Top of DATASET RECORDS

(* For $i=1,\dots,n$ ($n\ge 2$) let $X_i$ be a finite set with $|X_i|=m_i$ and let $P_i$ be an irreducible stochastic matrix on $X_i$ in detailed balance with a strictly positive probability measure $\pi_i$, where $P_i$ is symmetric (i.e. $\pi_i$ is uniform) for every $i\ge 2$. Let $p^0_1,\dots,p^0_n>0$ sum to $1$ and let $$P=\sum_{i=1}^np^0_i\,(I_1\otimes\cdots\otimes I_{i-1}\otimes P_i\otimes J_{i+1}\otimes\cdots\otimes J_n)$$ (the nested product). For each $i$ let $L(X_i)=\bigoplus_{k=0}^{r_i}W^i_k$ be the eigenspace decomposition of $P_i$, with $W^i_k$ of eigenvalue $\lambda^i_k$, $\lambda^i_0=1$ and $W^i_0$ the constants. Then each of the following subspaces of $L(X_1\times\cdots\times X_n)\cong L(X_1)\otimes\cdots\otimes L(X_n)$ consists of eigenvectors of $P$ with the stated eigenvalue, and $L(X_1\times\cdots\times X_n)$ is their direct sum: (i) $L(X_1)\otimes\cdots\otimes L(X_{n-1})\otimes W^n_{k_n}$, $k_n=1,\dots,r_n$, with eigenvalue $p^0_n\lambda^n_{k_n}$ and dimension $m_1\cdots m_{n-1}\dim W^n_{k_n}$; (ii) $L(X_1)\otimes\cdots\otimes L(X_j)\otimes W^{j+1}_{k_{j+1}}\otimes W^{j+2}_0\otimes\cdots\otimes W^n_0$, for $j=1,\dots,n-2$ and $k_{j+1}=1,\dots,r_{j+1}$, with eigenvalue $p^0_{j+1}\lambda^{j+1}_{k_{j+1}}+p^0_{j+2}+\cdots+p^0_n$ and dimension $m_1\cdots m_j\dim W^{j+1}_{k_{j+1}}$; (iii) $W^1_{k_1}\otimes W^2_0\otimes\cdots\otimes W^n_0$, for $k_1=0,1,\dots,r_1$, with eigenvalue $p^0_1\lambda^1_{k_1}+p^0_2+\cdots+p^0_n$ and dimension $\dim W^1_{k_1}$.
   Context: $I_i$ is the identity matrix on $X_i$ and $J_i$ the $m_i\times m_i$ matrix with all entries $1/m_i$; explicitly $p(x,y)=\sum_{i=1}^np^0_i(\prod_{j<i}\delta(x_j,y_j))p_i(x_i,y_i)/\prod_{j>i}m_j$. Operators act on functions by $(Pf)(x)=\sum_yp(x,y)f(y)$; $(f_1\otimes\cdots\otimes f_n)(x)=\prod_if_i(x_i)$. Detailed balance: $\pi_i(x)p_i(x,y)=\pi_i(y)p_i(y,x)$. *)

theory Defs
  imports Complex_Main "HOL-Library.FuncSet" "HOL-Library.Function_Algebras"
begin

definition fscale :: "real \<Rightarrow> ('b \<Rightarrow> real) \<Rightarrow> ('b \<Rightarrow> real)" where
  "fscale c f = (\<lambda>x. c * f x)"
lemma
  fixes f :: "real \<Rightarrow> complex"
  assumes "continuous_on {c..} f" "b > 0" and bd: "\<And>x. x \<ge> c \<Longrightarrow> norm (f x) \<le> C * exp (- b * x)"
  shows integrable_on_ray_exp_decay: "f integrable_on {c..}"
    and norm_integral_ray_exp_decay_le: "norm (integral {c..} f) \<le> C * exp (- b * c) / b"
proof -
  have major: "((\<lambda>x. C * exp (- b * x)) has_integral C * (exp (- b * c) / b)) {c..}"
    by (intro has_integral_mult_right has_integral_exp_minus_to_infinity \<open>b > 0\<close>)
  have "f absolutely_integrable_on {c..}"
  proof (rule measurable_bounded_by_integrable_imp_absolutely_integrable)
    show "f \<in> borel_measurable (lebesgue_on {c..})"
      by (rule continuous_imp_measurable_on_sets_lebesgue[OF assms(1)]) auto
  qed (use major bd in \<open>auto simp: has_integral_integrable\<close>)
  thus int: "f integrable_on {c..}" by (rule set_lebesgue_integral_eq_integral(1))
  have "norm (integral {c..} f) \<le> integral {c..} (\<lambda>x. C * exp (- b * x))"
    by (rule integral_norm_bound_integral[OF int]) (use major bd in \<open>auto simp: has_integral_integrable\<close>)
  also have "\<dots> = C * exp (- b * c) / b" using integral_unique[OF major] by simp
  finally show "norm (integral {c..} f) \<le> C * exp (- b * c) / b" .
qed

lemma mb_F_bound_on_ray:
  assumes pos: "\<forall>\<omega>\<in>set \<omega>s. 0 < Re \<omega>" and "mu > 0"
  shows "\<exists>C\<ge>0. \<forall>x\<ge>mu. \<forall>w.
           norm (mb_F \<omega>s k w (complex_of_real x)) \<le> C * exp (- (Re w - of_int \<bar>k + 1\<bar>) * x)"
proof -
  obtain K where K: "\<And>x. x \<ge> mu \<Longrightarrow> norm (mb_f \<omega>s (complex_of_real x)) \<le> K"
    using mb_f_bounded_on_ray[OF pos \<open>mu > 0\<close>] by blast
  obtain C where C: "\<And>x. x \<ge> mu \<Longrightarrow>
      norm (complex_of_real x powi (- k - 1)) \<le> C * exp (of_int \<bar>- k - 1\<bar> * x)"
    using norm_powi_of_real_le_exp[OF \<open>mu > 0\<close>, where m = "- k - 1"] by blast
  have "K \<ge> 0" using K[of mu] by (auto intro: order.trans[OF norm_ge_zero])
  have "0 \<le> C * exp (of_int \<bar>- k - 1\<bar> * mu)" using order.trans[OF norm_ge_zero C[of mu]] by simp
  hence "C \<ge> 0" by (simp add: zero_le_mult_iff)
  have "\<bar>- k - 1\<bar> = \<bar>k + 1\<bar>" by linarith
  have "norm (mb_F \<omega>s k w (complex_of_real x)) \<le> (K * C) * exp (- (Re w - of_int \<bar>k + 1\<bar>) * x)"
    if "x \<ge> mu" for x w
  proof -
    have "norm (mb_F \<omega>s k w (complex_of_real x))
            = norm (mb_f \<omega>s (complex_of_real x)) * exp (- Re w * x) * norm (complex_of_real x powi (- k - 1))"
      unfolding mb_F_def by (simp add: norm_mult norm_exp_eq_Re)
    also have "\<dots> \<le> K * exp (- Re w * x) * (C * exp (of_int \<bar>k + 1\<bar> * x))"
      using \<open>K \<ge> 0\<close> C[OF that] \<open>\<bar>- k - 1\<bar> = \<bar>k + 1\<bar>\<close> that by (intro mult_mono K) auto
    also have "\<dots> = (K * C) * exp (- (Re w - of_int \<bar>k + 1\<bar>) * x)"
      by (simp add: algebra_simps flip: exp_add)
    finally show ?thesis .
  qed
  thus ?thesis using \<open>K \<ge> 0\<close> \<open>C \<ge> 0\<close> by (intro exI[of _ "K * C"]) auto
qed
(* If a graph $G$ admits a star NeS model, then it admits a star NeS model $(\mathcal{T},(T_v)_{v\in V(G)})$ such that, with $c$ the center of the star $\mathcal{T}$, the set $\{v\in V(G): c\in T_v\}$ is a maximal clique of $G$.
   Context: An embedding tree $\mathcal{T}$ is a tree embedded in the Euclidean plane: each edge is a straight line segment of positive length, segments meet only at common endpoints, and $\mathcal{T}$ is regarded as the set of all points on its segments; $d_{\mathcal{T}}(x,y)$ is the length of the unique path in $\mathcal{T}$ between points $x,y$. A neighborhood subtree of $\mathcal{T}$ with center $c\in\mathcal{T}$ and non-negative rational radius $w$ is $\{p\in\mathcal{T}: d_{\mathcal{T}}(p,c)\le w\}$. A NeS model of a graph $G$ is a pair $(\mathcal{T},(T_v)_{v\in V(G)})$ where each $T_v$ is a neighborhood subtree of $\mathcal{T}$ and for all distinct $u,v$, $uv\in E(G)$ iff $T_u\cap T_v\neq\emptyset$. A star NeS model is a NeS model in which $\mathcal{T}$ is (the embedding of) a star, i.e. a union of line segments $L_1,\dots,L_\beta$ sharing one common endpoint $c$ (the center) and otherwise disjoint. *)

theory Defs
  imports "HOL-Analysis.Analysis"
begin

definition simple_graph :: "'v set \<Rightarrow> ('v \<Rightarrow> 'v \<Rightarrow> bool) \<Rightarrow> bool" where
  "simple_graph V E \<longleftrightarrow> finite V \<and> (\<forall>u v. E u v \<longrightarrow> u \<in> V \<and> v \<in> V)
     \<and> (\<forall>u v. E u v \<longrightarrow> E v u) \<and> (\<forall>v. \<not> E v v)"

definition is_clique :: "'v set \<Rightarrow> ('v \<Rightarrow> 'v \<Rightarrow> bool) \<Rightarrow> 'v set \<Rightarrow> bool" where
  "is_clique V E K \<longleftrightarrow> K \<subseteq> V \<and> (\<forall>u\<in>K. \<forall>v\<in>K. u \<noteq> v \<longrightarrow> E u v)"

definition is_maximal_clique :: "'v set \<Rightarrow> ('v \<Rightarrow> 'v \<Rightarrow> bool) \<Rightarrow> 'v set \<Rightarrow> bool" where
  "is_maximal_clique V E K \<longleftrightarrow> is_clique V E K \<and> (\<forall>K'. is_clique V E K' \<and> K \<subseteq> K' \<longrightarrow> K' = K)"

text \<open>Embedded star in the plane (plane = complex): center c, finite nonempty set P of
  leaf endpoints; segments [c,p] have positive length and pairwise meet only in c.\<close>
definition is_star :: "complex \<Rightarrow> complex set \<Rightarrow> bool" where
  "is_star c P \<longleftrightarrow> finite P \<and> P \<noteq> {} \<and> c \<notin> P \<and>
     (\<forall>p\<in>P. \<forall>q\<in>P. p \<noteq> q \<longrightarrow> closed_segment c p \<inter> closed_segment c q = {c})"

definition star_set :: "complex \<Rightarrow> complex set \<Rightarrow> complex set" where
  "star_set c P = (\<Union>p\<in>P. closed_segment c p)"

text \<open>Length of the unique path in the star between two of its points: along a common
  segment if both lie on one, otherwise through the center.\<close>
definition star_dist :: "complex \<Rightarrow> complex set \<Rightarrow> complex \<Rightarrow> complex \<Rightarrow> real" where
  "star_dist c P x y =
     (if \<exists>p\<in>P. x \<in> closed_segment c p \<and> y \<in> closed_segment c p then dist x y
      else dist x c + dist c y)"

definition star_nbhd :: "complex \<Rightarrow> complex set \<Rightarrow> complex \<Rightarrow> real \<Rightarrow> complex set" where
  "star_nbhd c P a w = {x \<in> star_set c P. star_dist c P x a \<le> w}"

definition is_nbhd_subtree :: "complex \<Rightarrow> complex set \<Rightarrow> complex set \<Rightarrow> bool" where
  "is_nbhd_subtree c P S \<longleftrightarrow>
     (\<exists>a w. a \<in> star_set c P \<and> w \<in> \<rat> \<and> 0 \<le> w \<and> S = star_nbhd c P a w)"

definition star_nes_model ::
  "'v set \<Rightarrow> ('v \<Rightarrow> 'v \<Rightarrow> bool) \<Rightarrow> complex \<Rightarrow> complex set \<Rightarrow> ('v \<Rightarrow> complex set) \<Rightarrow> bool" where
  "star_nes_model V E c P T \<longleftrightarrow> is_star c P \<and>
     (\<forall>v\<in>V. is_nbhd_subtree c P (T v)) \<and>
     (\<forall>u\<in>V. \<forall>v\<in>V. u \<noteq> v \<longrightarrow> (E u v \<longleftrightarrow> T u \<inter> T v \<noteq> {}))"

end

theory Submission
  imports Defs
begin

(*
  The vertices whose subtree contains the centre c always form a clique K. If K is not maximal,
  some vertex outside K has a subtree meeting all subtrees of K; a subtree avoiding c is an interval
  on a single leg at positive distance from c. Choose such a vertex u whose interval comes closest
  to c and replace T u by a neighbourhood subtree covering its leg from c up to the far end of T u
  and reaching into the other legs less far than any subtree avoiding c. The new subtree meets
  exactly the old neighbours of u: a subtree met only by the new part lies on the leg of u between c
  and T u; since a subtree through c contains, along each leg, everything closer to c than any of
  its points, it then meets every subtree of K and is closer to c than T u, contradicting the choice
  of u. Each replacement adds u to K, so after finitely many steps K is maximal.
*)

lemma dist_on_closed_segment:
  fixes c p x y :: "'a::real_normed_vector"
  assumes "x \<in> closed_segment c p" "y \<in> closed_segment c p"
  shows "dist x y = \<bar>dist x c - dist y c\<bar>"
proof -
  obtain a where a: "0 \<le> a" "x - c = a *\<^sub>R (p - c)"
    using assms(1) by (auto simp: in_segment algebra_simps)
  obtain b where b: "0 \<le> b" "y - c = b *\<^sub>R (p - c)"
    using assms(2) by (auto simp: in_segment algebra_simps)
  have "x - y = (a - b) *\<^sub>R (p - c)"
    by (metis a(2) b(2) diff_diff_eq2 diff_add_cancel scaleR_diff_left)
  then have "dist x y = \<bar>a - b\<bar> * norm (p - c)"
    by (simp add: dist_norm)
  moreover have "dist x c = a * norm (p - c)" "dist y c = b * norm (p - c)"
    using a b by (simp_all add: dist_norm)
  ultimately show ?thesis
    by (simp add: abs_mult left_diff_distrib[symmetric])
qed

lemma closed_segment_point_at_dist:
  fixes c p :: "'a::real_normed_vector"
  assumes "0 \<le> t" "t \<le> dist p c"
  obtains a where "a \<in> closed_segment c p" "dist a c = t"
proof
  define s where "s = t / dist p c"
  have s: "0 \<le> s" "s \<le> 1"
    using assms by (auto simp: s_def divide_le_eq_1)
  show "c + s *\<^sub>R (p - c) \<in> closed_segment c p"
    using s by (auto simp: in_segment algebra_simps intro!: exI[of _ s])
  show "dist (c + s *\<^sub>R (p - c)) c = t"
    using assms by (cases "p = c") (auto simp: s_def dist_norm norm_minus_commute)
qed

lemma star_leg_unique:
  assumes "is_star c P" "p \<in> P" "q \<in> P"
    and "x \<in> closed_segment c p" "x \<in> closed_segment c q" "x \<noteq> c"
  shows "p = q"
  using assms unfolding is_star_def by blast

lemma star_setE:
  assumes "x \<in> star_set c P"
  obtains p where "p \<in> P" "x \<in> closed_segment c p"
  using assms unfolding star_set_def by blast
(* Let $n\ge1$; for $i\in[n]$ let $d_i\ge1$, $p_{i0}<\cdots<p_{id_i}$ reals, $\mathcal{X}=\prod_i\{p_{i0},\dots,p_{id_i}\}$, $f_i:\{p_{i0},\dots,p_{id_i}\}\to[L_i,U_i]$, $g_i:\{p_{i0},\dots,p_{id_i}\}\to[L'_i,U'_i]$. Let $\phi:\prod_i[L_i,U_i]\to\mathbb{R}$ be submodular and $\varphi:\prod_i[L'_i,U'_i]\to\mathbb{R}$ supermodular, with $\phi(f_1(x_1),\dots,f_n(x_n))\ge0$ and $\varphi(g_1(x_1),\dots,g_n(x_n))>0$ for all $\boldsymbol{x}\in\mathcal{X}$. Let $\sigma=(\sigma_1,\dots,\sigma_n)$, each $\sigma_i$ a permutation of $\{0,\dots,d_i\}$, satisfy $f_i(p_{i,\sigma_i(0)})\le\cdots\le f_i(p_{i,\sigma_i(d_i)})$ and $g_i(p_{i,\sigma_i(0)})\le\cdots\le g_i(p_{i,\sigma_i(d_i)})$ for all $i$. For $\boldsymbol{j}\in\mathcal{G}=\prod_i\{0,\dots,d_i\}$ let $\psi^\sigma(\boldsymbol{j})=\phi(f_1(p_{1,\sigma_1(j_1)}),\dots,f_n(p_{n,\sigma_n(j_n)}))$ and $\theta^\sigma(\boldsymbol{j})=\varphi(g_1(p_{1,\sigma_1(j_1)}),\dots,g_n(p_{n,\sigma_n(j_n)}))$, and write $(L^{\sigma_i})^{-1}(\boldsymbol{z}_i)=A^{\sigma_i}\boldsymbol{z}_i+\boldsymbol{c}^{\sigma_i}$. Then $$\min_{\boldsymbol{x}\in\mathcal{X}}\frac{\phi(f_1(x_1),\dots,f_n(x_n))}{\varphi(g_1(x_1),\dots,g_n(x_n))}$$ equals the optimal value of the linear program: minimize $\mu$ subject to, for every $\pi\in\Pi$ with point representation $\boldsymbol{j}^0,\dots,\boldsymbol{j}^N$, $$\mu\ge\psi^\sigma(\boldsymbol{j}^0)\rho+\sum_{t\in[N]}(\psi^\sigma(\boldsymbol{j}^t)-\psi^\sigma(\boldsymbol{j}^{t-1}))s'_{\pi_t},\qquad 1\le\theta^\sigma(\boldsymbol{j}^0)\rho+\sum_{t\in[N]}(\theta^\sigma(\boldsymbol{j}^t)-\theta^\sigma(\boldsymbol{j}^{t-1}))s'_{\pi_t},$$ and $\rho\ge s_{i1}\ge\cdots\ge s_{id_i}\ge0$, $\boldsymbol{s}'_i=A^{\sigma_i}\boldsymbol{s}_i+\boldsymbol{c}^{\sigma_i}\rho$ for all $i\in[n]$.
   Context: $N=\sum_i d_i$. Sub/supermodularity on a box is with respect to componentwise max and min. Staircase: $\pi=(\pi_1,\dots,\pi_N)$, $\pi_t=(\pi_t(1),\pi_t(2))$, $\pi_t(1)\in[n]$ occurring exactly $d_i$ times for each $i$, $\pi_t(2)=|\{s\le t:\pi_s(1)=\pi_t(1)\}|$; $\Pi$ the set of staircases; $s'_{\pi_t}=s'_{\pi_t(1),\pi_t(2)}$; $\boldsymbol{j}^0=\boldsymbol{0}$, $\boldsymbol{j}^t=\boldsymbol{j}^{t-1}+\boldsymbol{e}_{\pi_t(1)}$. For each $i$: $T_i:\mathbb{R}^{d_i}\to\mathbb{R}^{d_i+1}$, $\lambda_{ij}=z_{ij}-z_{i,j+1}$ ($j=0,\dots,d_i$, $z_{i0}=1$, $z_{i,d_i+1}=0$), $T_i^{-1}:z_{ij}=\sum_{k=j}^{d_i}\lambda_{ik}$; $P^{\sigma_i}$ the permutation matrix with $(j,k)$ entry $1$ iff $j=\sigma_i(k)$; $L^{\sigma_i}=T_i^{-1}\circ P^{\sigma_i}\circ T_i$, an invertible affine map of $\mathbb{R}^{d_i}$. *)

theory Defs
  imports Complex_Main "HOL-Library.FuncSet" "HOL-Combinatorics.Permutations"
begin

Bottom of DATASET RECORDS

(WHAT YOU WILL DO)
Where a line of the records includes "fscale", copy it.

(ANSWER BOX)
definition fscale :: "real \<Rightarrow> ('b \<Rightarrow> real) \<Rightarrow> ('b \<Rightarrow> real)" where
  "fscale c f = (\<lambda>x. c * f x)"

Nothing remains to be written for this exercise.